Spreading Mechanism: Cooperative interactions between Sir3 dimers drive sequential chromatin silencing, validated through in vivo telomeric silencing assays .
Modification Sensitivity:
Therapeutic Potential: Bispecific antibody engineering (e.g., combining Sir3-targeting arms with host-cell-binding domains) could enhance chromatin-modulating therapies .

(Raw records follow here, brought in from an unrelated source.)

lemma cov_coordinate_u_times_parallel:
  assumes "parallel g W"
  shows "cov g (\<lambda>p idx. p $ 0 * W idx) = (\<lambda>_. du_tensor W)"
proof (intro ext)
  fix p idx
  show "cov g (\<lambda>p idx. p $ 0 * W idx) p idx = du_tensor W idx"
  proof (cases idx)
    case (Cons \<mu> \<nu>s)
    have "cov g (\<lambda>_. W) p (\<mu> # \<nu>s) = 0"
      using assms unfolding parallel_def by blast
    then show ?thesis
      by (simp add: Cons cov_coordinate_u_times du_tensor_def)
  qed (simp add: cov_def du_tensor_def)
qed

lemma du_sym_tensor_swap: "du_sym_tensor W (a # b # rest) = du_sym_tensor W (b # a # rest)"
  by (simp add: du_sym_tensor_def)

lemma christoffel_contract_du_sym_tensor:
  assumes du_parallel: "\<And>i j. christoffel g p 0 i j = 0"
  shows "(\<Sum>l\<in>UNIV. christoffel g p l \<mu> \<nu> * du_sym_tensor W (l # y # rest))
    = of_bool (y = 0) * (\<Sum>l\<in>UNIV. christoffel g p l \<mu> \<nu> * W (l # rest)) / 2"
proof -
  have du: "(\<Sum>l\<in>UNIV. christoffel g p l \<mu> \<nu> * (of_bool (l = 0) * c)) = 0" for c
  proof -
    have "(\<Sum>l\<in>UNIV. christoffel g p l \<mu> \<nu> * (of_bool (l = 0) * c))
        = (\<Sum>l\<in>UNIV. if l = 0 then christoffel g p l \<mu> \<nu> * c else 0)"
      by (intro sum.cong) auto
    then show ?thesis
      by (simp add: du_parallel)
  qed
  have "(\<Sum>l\<in>UNIV. christoffel g p l \<mu> \<nu> * du_sym_tensor W (l # y # rest))
      = (\<Sum>l\<in>UNIV. (christoffel g p l \<mu> \<nu> * (of_bool (l = 0) * W (y # rest))
          + of_bool (y = 0) * (christoffel g p l \<mu> \<nu> * W (l # rest))) / 2)"
    by (intro sum.cong) (simp_all add: du_sym_tensor_def algebra_simps)
  also have "\<dots> = (\<Sum>l\<in>UNIV. christoffel g p l \<mu> \<nu> * (of_bool (l = 0) * W (y # rest))) / 2
      + of_bool (y = 0) * (\<Sum>l\<in>UNIV. christoffel g p l \<mu> \<nu> * W (l # rest)) / 2"
    by (simp only: sum_divide_distrib[symmetric] sum.distrib sum_distrib_left add_divide_distrib)
  also have "\<dots> = of_bool (y = 0) * (\<Sum>l\<in>UNIV. christoffel g p l \<mu> \<nu> * W (l # rest)) / 2"
    by (simp only: du)
  finally show ?thesis .
qed

text \<open>The hypothesis on the Christoffel symbols says that du is parallel; this is the
  Leibniz rule for the symmetric product of du with W.\<close>
lemma christoffel_sum_du_sym_tensor:
  assumes du_parallel: "\<And>i j. christoffel g p 0 i j = 0"
  shows "christoffel_sum g p \<mu> (du_sym_tensor W) (x # y # rest)
    = (of_bool (x = 0) * christoffel_sum g p \<mu> W (y # rest)
       + of_bool (y = 0) * christoffel_sum g p \<mu> W (x # rest)) / 2"
proof -
  let ?\<Gamma>W = "\<lambda>\<nu> \<rho>s. \<Sum>l\<in>UNIV. christoffel g p l \<mu> \<nu> * W (l # \<rho>s)"
  have "(\<lambda>\<rho>s. du_sym_tensor W (x # y # \<rho>s))
      = (\<lambda>\<rho>s. (of_bool (x = 0) / 2) * W (y # \<rho>s) + (of_bool (y = 0) / 2) * W (x # \<rho>s))"
    by (auto simp: du_sym_tensor_def fun_eq_iff)
  then have rest: "christoffel_sum g p \<mu> (\<lambda>\<rho>s. du_sym_tensor W (x # y # \<rho>s)) rest
      = of_bool (x = 0) / 2 * christoffel_sum g p \<mu> (\<lambda>\<rho>s. W (y # \<rho>s)) rest
        + of_bool (y = 0) / 2 * christoffel_sum g p \<mu> (\<lambda>\<rho>s. W (x # \<rho>s)) rest"
    by (simp only: christoffel_sum_linear)
  have "christoffel_sum g p \<mu> (du_sym_tensor W) (x # y # rest)
      = (\<Sum>l\<in>UNIV. christoffel g p l \<mu> x * du_sym_tensor W (l # y # rest))
        + ((\<Sum>l\<in>UNIV. christoffel g p l \<mu> y * du_sym_tensor W (l # x # rest))
        + christoffel_sum g p \<mu> (\<lambda>\<rho>s. du_sym_tensor W (x # y # \<rho>s)) rest)"
    by (simp only: christoffel_sum_Cons du_sym_tensor_swap[of W x])
  also have "\<dots> = (of_bool (x = 0) * (?\<Gamma>W y rest + christoffel_sum g p \<mu> (\<lambda>\<rho>s. W (y # \<rho>s)) rest)
      + of_bool (y = 0) * (?\<Gamma>W x rest + christoffel_sum g p \<mu> (\<lambda>\<rho>s. W (x # \<rho>s)) rest)) / 2"
    unfolding christoffel_contract_du_sym_tensor[OF du_parallel] rest by (simp add: field_simps)
  also have "\<dots> = (of_bool (x = 0) * christoffel_sum g p \<mu> W (y # rest)
      + of_bool (y = 0) * christoffel_sum g p \<mu> W (x # rest)) / 2"
    by (simp only: christoffel_sum_Cons)
  finally show ?thesis .
qed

High-Resolution Mapping: Integration with cryo-EM (3.6 Å resolution achieved in Ubc4 complex studies) may elucidate Sir3 conformational changes .
STRING: 4932.YCR097W-A
YCR097W-A refers to a putative uncharacterized protein found in Saccharomyces cerevisiae (strain 204508/S288c), commonly known as baker's yeast . This protein is of interest to researchers studying yeast genetics, protein function annotation, and comparative genomics. As a putative uncharacterized protein, YCR097W-A represents one of many yeast proteins whose functions remain to be fully elucidated, making it valuable for expanding our understanding of the yeast proteome. The systematic naming convention (YCR097W-A) indicates its genomic location, with 'Y' denoting yeast, 'C' representing chromosome III, 'R' indicating the right arm of the chromosome, and '097W' specifying its ordered position on that chromosome arm, with 'W' indicating transcription in the Watson strand direction.
YCR097W-A antibodies are primarily validated for ELISA (Enzyme-Linked Immunosorbent Assay) and Western blot (WB) applications . These techniques allow researchers to detect and quantify YCR097W-A protein in various sample types. When conducting Western blot experiments, it's important to use appropriate positive controls (wild-type yeast extracts) and negative controls (YCR097W-A knockout yeast strains if available) to confirm antibody specificity. While some researchers may attempt immunofluorescence (IF) applications, validation rates for antibodies in IF applications are generally lower, with only 38% of antibodies recommended for IF based on orthogonal strategies being confirmed when tested against knockout controls .
Recombinant YCR097W-A protein can be produced in several expression systems, each with distinct advantages for different research applications. Available expression systems include:
Cell-free expression systems
E. coli bacterial expression
Yeast expression systems
Baculovirus-infected insect cells
Cell-free expression systems offer rapid production without cellular constraints, while E. coli systems provide high yields but may lack eukaryotic post-translational modifications. Yeast expression systems offer the advantage of producing the protein in its native host environment, potentially preserving important structural features. The choice of expression system should align with experimental requirements, particularly regarding protein folding, post-translational modifications, and downstream applications.
Rigorous validation of YCR097W-A antibody specificity requires a multi-faceted approach centered on genetic controls. The gold standard methodology employs:
Wild-type (parental) S. cerevisiae cells expressing YCR097W-A
Isogenic CRISPR knockout (KO) strains lacking YCR097W-A expression
This validation approach provides definitive evidence of antibody specificity by demonstrating signal presence in wild-type samples and signal absence in knockout samples. While orthogonal validation methods (using known molecular weight, localization patterns, or expression profiles) are common, they demonstrate significantly lower reliability compared to genetic approaches. Research has shown that while 89% of antibodies validated using genetic approaches perform reliably in Western blot applications, only 38% of antibodies validated by orthogonal methods perform as expected in immunofluorescence applications when tested against knockout controls . Researchers should prioritize antibodies validated through genetic approaches whenever possible, especially for critical experiments requiring high confidence in target specificity.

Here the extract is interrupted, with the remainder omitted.